Executed in 1972, Joseph Beuys’s Unterwasserbuch (Underwater Book) is a time capsule of Beuys’ most personal motifs, preserved underwater for posterity. A metal torch illuminates a rubber book, whose oversize pages consecutively show forty-three black-and-white photographs of Beuys installing his 1971 exhibition at the Moderna Museet in Stockholm, Sweden; the artist’s first exhibition outside of Germany. In January of that year, the photographer Lothar Wolleh travelled with Beuys to document the installation period; using a camera set up some metres away from the artworks and relying on natural lighting, the resulting photographs are silent witnesses to the process of Beuys at work. With their blurrings, intermittent inky darkness, and Beuys striding in and out, the photographs capture Beuys’ magnetic magic. Initially, planned as an edition of multiples, when Wolleh’s signature black frame was trimmed during the printing process, production was halted. Only two copies of the Joseph Beuys – eine Dokumentation von Lothar Wolleh book were created, the other held at the Hamburger Bahnhof Museum in Berlin. In this work, the underwater torch illuminates a spread of Beuys, caught in a moment of reflection and self-appraisal, standing beside his earlier work, Das Schweigen von Marcel Duchamp wird überbewertet (The Silence of Marcel Duchamp is overrated), a critique of Duchamp’s withdrawal from art practice in favour of chess. Within Beuys’ self-created mythology, the yellowish light of the torch links to the narrative of his rescue by Tatars after his plane crashed in Crimea during the Second World War, and torches reappear in several of his most significant works including The Sled, 1969, and The Pack, 1969.
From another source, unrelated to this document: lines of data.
lemma small_cover_label_pairs:
  assumes S: "S \<subseteq> {1..n}" and inj: "inj_on lam S"
    and f: "\<forall>u\<in>{1..n}. f u \<in> S \<and> (u + lam (f u) = f u \<or> u = f u + lam (f u))"
    and small: "card S + (n - 1) div 2 \<le> n"
  shows "\<forall>l\<in>{1..(n - 1) div 2}. \<exists>c\<in>S. lam c = l \<and> l < c \<and> c + l \<le> n \<and> f (c - l) = c \<and> f (c + l) = c"
    and "\<forall>v\<in>S. lam v = 0 \<longrightarrow> f v = v"
proof -
  define h where "h = (n - 1) div 2"
  define F where "F v = {u \<in> {1..n}. f u = v}" for v
  define D where "D = {v \<in> S. 1 \<le> lam v \<and> 2 * lam v < n}"
  define w :: "nat \<Rightarrow> nat" where "w v = 1 + of_bool (v \<in> D)" for v
  have fin: "finite S" using S finite_subset by blast
  have F_sphere: "F v \<subseteq> {u \<in> {1..n}. u + lam v = v \<or> u = v + lam v}" for v
    unfolding F_def using f by auto
  have card_F: "card (F v) \<le> w v" if "v \<in> S" for v
  proof -
    have "card (F v) \<le> card {u \<in> {1..n}. u + lam v = v \<or> u = v + lam v}"
      using F_sphere by (intro card_mono) auto
    then show ?thesis using card_path_sphere_le[of n "lam v" v] that by (auto simp: w_def D_def)
  qed
  have "(\<Sum>v\<in>S. card (F v)) = card (\<Union>v\<in>S. F v)"
    using fin by (intro card_UN_disjoint[symmetric]) (auto simp: F_def)
  also have "(\<Union>v\<in>S. F v) = {1..n}"
    using f unfolding F_def by auto
  finally have sum_F: "(\<Sum>v\<in>S. card (F v)) = n" by simp
  have "S \<inter> {v. v \<in> D} = D" unfolding D_def by auto
  then have sum_w: "(\<Sum>v\<in>S. w v) = card S + card D"
    using fin unfolding w_def sum.distrib by simp
  have lam_D_sub: "lam ` D \<subseteq> {1..h}"
    unfolding D_def h_def by auto
  have inj_D: "inj_on lam D"
    using inj by (rule inj_on_subset) (auto simp: D_def)
  have "card D \<le> h"
    using card_mono[OF _ lam_D_sub] card_image[OF inj_D] by simp
  moreover have "(\<Sum>v\<in>S. card (F v)) \<le> (\<Sum>v\<in>S. w v)"
    using card_F by (intro sum_mono)
  \<comment> \<open>n \<le> |S| + |D| \<le> |S| + h \<le> n, so both inequalities are equalities\<close>
  ultimately have "card D = h" and sum_eq: "(\<Sum>v\<in>S. card (F v)) = (\<Sum>v\<in>S. w v)"
    using sum_F sum_w small unfolding h_def[symmetric] by linarith+
  then have lam_D: "lam ` D = {1..h}"
    using lam_D_sub card_image[OF inj_D] by (intro card_subset_eq) auto
  have card_F_eq: "card (F v) = w v" if "v \<in> S" for v
    using sum_mono_inv[OF sum_eq] card_F that fin by blast
  show "\<forall>l\<in>{1..(n - 1) div 2}. \<exists>c\<in>S. lam c = l \<and> l < c \<and> c + l \<le> n \<and> f (c - l) = c \<and> f (c + l) = c"
  proof
    fix l assume "l \<in> {1..(n - 1) div 2}"
    then have "l \<in> lam ` D" using lam_D unfolding h_def by simp
    then obtain c where c: "c \<in> D" "lam c = l" by blast
    have "F c \<subseteq> {c - l, c + l}" using F_sphere[of c] c by auto
    moreover have "card {c - l, c + l} \<le> card (F c)"
      using card_F_eq[of c] c by (auto simp: w_def D_def card_insert_if)
    ultimately have "F c = {c - l, c + l}" by (intro card_seteq) auto
    then have "c - l \<in> F c" "c + l \<in> F c" by auto
    then show "\<exists>c\<in>S. lam c = l \<and> l < c \<and> c + l \<le> n \<and> f (c - l) = c \<and> f (c + l) = c"
      using c unfolding F_def D_def by (intro bexI[of _ c]) auto
  qed
  show "\<forall>v\<in>S. lam v = 0 \<longrightarrow> f v = v"
  proof (intro ballI impI)
    fix v assume v: "v \<in> S" "lam v = 0"
    then have "card (F v) = 1" using card_F_eq by (simp add: w_def D_def)
    moreover have "F v \<subseteq> {v}" using F_sphere[of v] v by auto
    ultimately have "F v = {v}" by (intro card_seteq) auto
    then have "v \<in> F v" by simp
    then show "f v = v" unfolding F_def by simp
  qed
qed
Another key element of Beuys’ visual vocabulary was the expressive potential of the empty rectangular box: ‘Symbolically, the dark, empty box is an anti-space that embodies a spiritual shelter and safe haven, which, through its undefined emptiness, offers the opportunity to fill it with something new’ (I. Malz, ‘The Undefined Silence Between: Reflections on Silence, Invisible Phenomena, and Dust Images in the Work of Joseph Beuys’ in M. Ackermann (et. al.), Joseph Beuys: Parallel Processes, Munich, 2010, p. 369). Like the vitrines, plinths and pedestals that separate an artwork from its audience, the box of Unterwasserbuch, rusted on the outside, and smoothly galvanised within, frames its contents and choreographs how they are understood. The water within appears to distort the pages of the book, but also locates the book within a geological timescale, seemingly a preserved remnant of Beuys.
Shedding light on a photograph of a work directly referencing Duchamp, Beuys cleverly brings to the fore and evaluates the Dadaist’s artistic legacy. Whereas Duchamp collapsed the divide between mass production and high art, Beuys sought to demolish the gap between art and life altogether, a desire conveyed through his concept of ‘social sculpture’, or the potential of art to galvanise societal change. As the artist explained, ‘I am interested in the dissemination of physical vehicles in the form of editions, because I am interested in the dissemination of ideas. … You see, the people who own such an object...will continually look to see what the man who produced the thing is doing now...It is like an antenna standing somewhere or other with which you stay connected’ (J. Beuys, quoted in B. Dodenhoff, ‘The Multiples’ in M. Ackermann, et. al., Joseph Beuys: Parallel Processes, Munich, 2010, p. 170).